A large part of the cells in the human body carry a small antenna on their surface, a so-called cilium, which receives signals from the cell’s surroundings. Researchers have now discovered a protein, CEP128, at the base of the antenna, which regulates the antenna’s ability to translate specific signals inside the cell.
In fact, the protein appears to be crucial to the development of vital organs in the body. In a new study published in the scientific journal Cell Reports a team of researchers from the University of Copenhagen and the University of Southern Denmark shows that if the gene coding for this protein is inactive it causes severe malformations in zebrafish.

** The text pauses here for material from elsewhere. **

(* Consider problem (P) with $\mathcal{X}_i=\mathbb{R}^{d_i}$ for all $i$, under Assumption 1, let $\mathcal{G}$ be undirected and connected, suppose $A=[A_1,\dots,A_n]$ has full row rank, and that each $f_i$ is $\mu_i$-strongly convex and $l_i$-smooth. Let $\mu=\min_i\mu_i$, $l=\max_i l_i$, and let $\beta>0$, $\varphi>0$, $\alpha$ satisfy $$\varphi>\max\Big\{\tfrac{l}{2}-1,\;2\bar\sigma^2(\mathbf{A})\Big\},\qquad \alpha>\max\Big\{1,\;\frac{\frac{\varphi\bar\sigma^2(\mathbf{A})}{\mu}+\frac l2}{\varphi+1-\frac l2}\Big\}.$$ Then for any initial point $(\mathbf{x}(0),\boldsymbol\lambda(0),\mathbf{z}(0))\in\mathbb{R}^d\times\mathbb{R}^{np}\times\mathbb{R}^{np}$ with $\sum_{i=1}^n z_i(0)=0$, the trajectory $(\mathbf{x}(t),\boldsymbol\lambda(t),\mathbf{z}(t))$ of IDEA converges exponentially to a point $(\mathbf{x}^*,\boldsymbol\lambda^*,\mathbf{z}^* )$, where $\mathbf{x}^*$ is the unique optimal solution of (P).
   Context: Problem (P): for $i=1,\dots,n$ let $f_i:\mathbb{R}^{d_i}\to\mathbb{R}$, $\mathcal{X}_i\subseteq\mathbb{R}^{d_i}$, $A_i\in\mathbb{R}^{p\times d_i}$, $b\in\mathbb{R}^p$; $d=\sum_i d_i$, $\mathbf{x}=[x_1^\top,\dots,x_n^\top]^\top$, $f(\mathbf{x})=\sum_i f_i(x_i)$, $A=[A_1,\dots,A_n]$, $\mathcal{X}=\prod_i\mathcal{X}_i$; (P) is $\min f(\mathbf{x})$ s.t. $A\mathbf{x}=b$, $\mathbf{x}\in\mathcal{X}$, assumed to have at least one optimal solution. Assumption 1: each $\mathcal{X}_i$ is closed and convex, $f_i$ is convex on $\mathcal{X}_i$ and differentiable on an open set containing $\mathcal{X}_i$ with $\nabla f_i$ locally Lipschitz there, and Slater's condition holds (some relative interior point of $\mathcal{X}$ satisfies $A\mathbf{x}=b$). $l_i$-smooth means $\nabla f_i$ is $l_i$-Lipschitz. Graph: weighted graph on $\{1,\dots,n\}$ with adjacency matrix $[a_{ij}]$ ($a_{ij}>0$ if agent $i$ receives from agent $j$, else $0$); Laplacian $L=D^{out}-[a_{ij}]$, $D^{out}=\mathrm{diag}(\sum_j a_{ij})_i$. Undirected means $a_{ij}=a_{ji}$. IDEA: choose $b_1,\dots,b_n\in\mathbb{R}^p$ with $\sum_i b_i=b$; $\mathbf{A}=\mathrm{diag}(A_1,\dots,A_n)\in\mathbb{R}^{np\times d}$, $\mathbf{b}=[b_1^\top,\dots,b_n^\top]^\top$, $\mathbf{L}=L\otimes I_p$, $\nabla f(\mathbf{x})=[\nabla f_1(x_1)^\top,\dots,\nabla f_n(x_n)^\top]^\top$, $\boldsymbol\lambda$, $\mathbf{z}=[z_1^\top,\dots,z_n^\top]^\top\in\mathbb{R}^{np}$. IDEA is $\dot{\mathbf{x}}=-\alpha(\nabla f(\mathbf{x})+\mathbf{A}^\top\boldsymbol\lambda)-\mathbf{A}^\top(\mathbf{A}\mathbf{x}-\mathbf{b}-\mathbf{z})$, $\dot{\boldsymbol\lambda}=\mathbf{A}\mathbf{x}-\mathbf{b}-\mathbf{z}-\beta\mathbf{L}\boldsymbol\lambda$, $\dot{\mathbf{z}}=\alpha\beta\mathbf{L}\boldsymbol\lambda$. $\bar\sigma(\mathbf{A})$ is the largest singular value of $\mathbf{A}$. Exponential convergence means $\|(\mathbf{x},\boldsymbol\lambda,\mathbf{z})(t)-(\mathbf{x}^*,\boldsymbol\lambda^*,\mathbf{z}^* )\|\le Ce^{-ct}$ for some $C,c>0$. *)

theory Defs
  imports "HOL-Analysis.Analysis"
begin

‘We knew that something in the cells’ antennas regulated these cell signals. But we now know that this protein plays a main role in balancing the signal in such a way that the organs during the body’s earliest stage of development develop correctly. At least in zebrafish, where inactivity of the gene leads to severe malformations of the heart, among other things’, says Professor Lars Allan Larsen from the Department of Cellular and Molecular Medicine.
Human Cells Show Similar Effect
It is the so-called TGF-beta signalling which, the researchers have now learned, is regulated by the protein. This signalling controls a series of critical cellular processes in the body, both during the development of the fetus and in adult life.
The researchers hope that more knowledge of cell signalling may ultimately lead to treatments preventing cells during fetal development from behaving incorrectly, causing malformations of the heart and other vital organs. They have not come this far yet, though, and so far they are trying to learn more about the cellular mechanisms behind the signalling.
In the new study the researchers also demonstrate the effect in human cells. They have examined the significance of the protein to cell cultures and discovered that a lack of CEP128 causes poor signalling in the cilium, as in zebrafish.
Cooperation Between Several Areas of Expertise
The study is the result of a close cooperation between Professor [M1] Lars Allan Larsen from the Faculty of Health and Medical Sciences and Associate Professor Lotte B. Pedersen and Professor Søren Tvorup Christensen from the Faculty of Science at the University of Copenhagen as well as Professor Jens S. Andersen from the University of Southern Denmark.
It is well-known that defects in the cells’ antennas can cause birth defects and diseases in adulthood, and new knowledge of the causes of these conditions is therefore important for the development of new forms of treatment for patients with cell antenna defects.
‘This study is a good example of what we can achieve through cross-disciplinary cooperation. None of the three research groups would have had the facilities or expertise to succeed with this research alone’, says Lotte Bang Pedersen and Søren Tvorup Christensen, who expect the group to make new discoveries about the function of cell antennas in a similar way in the future.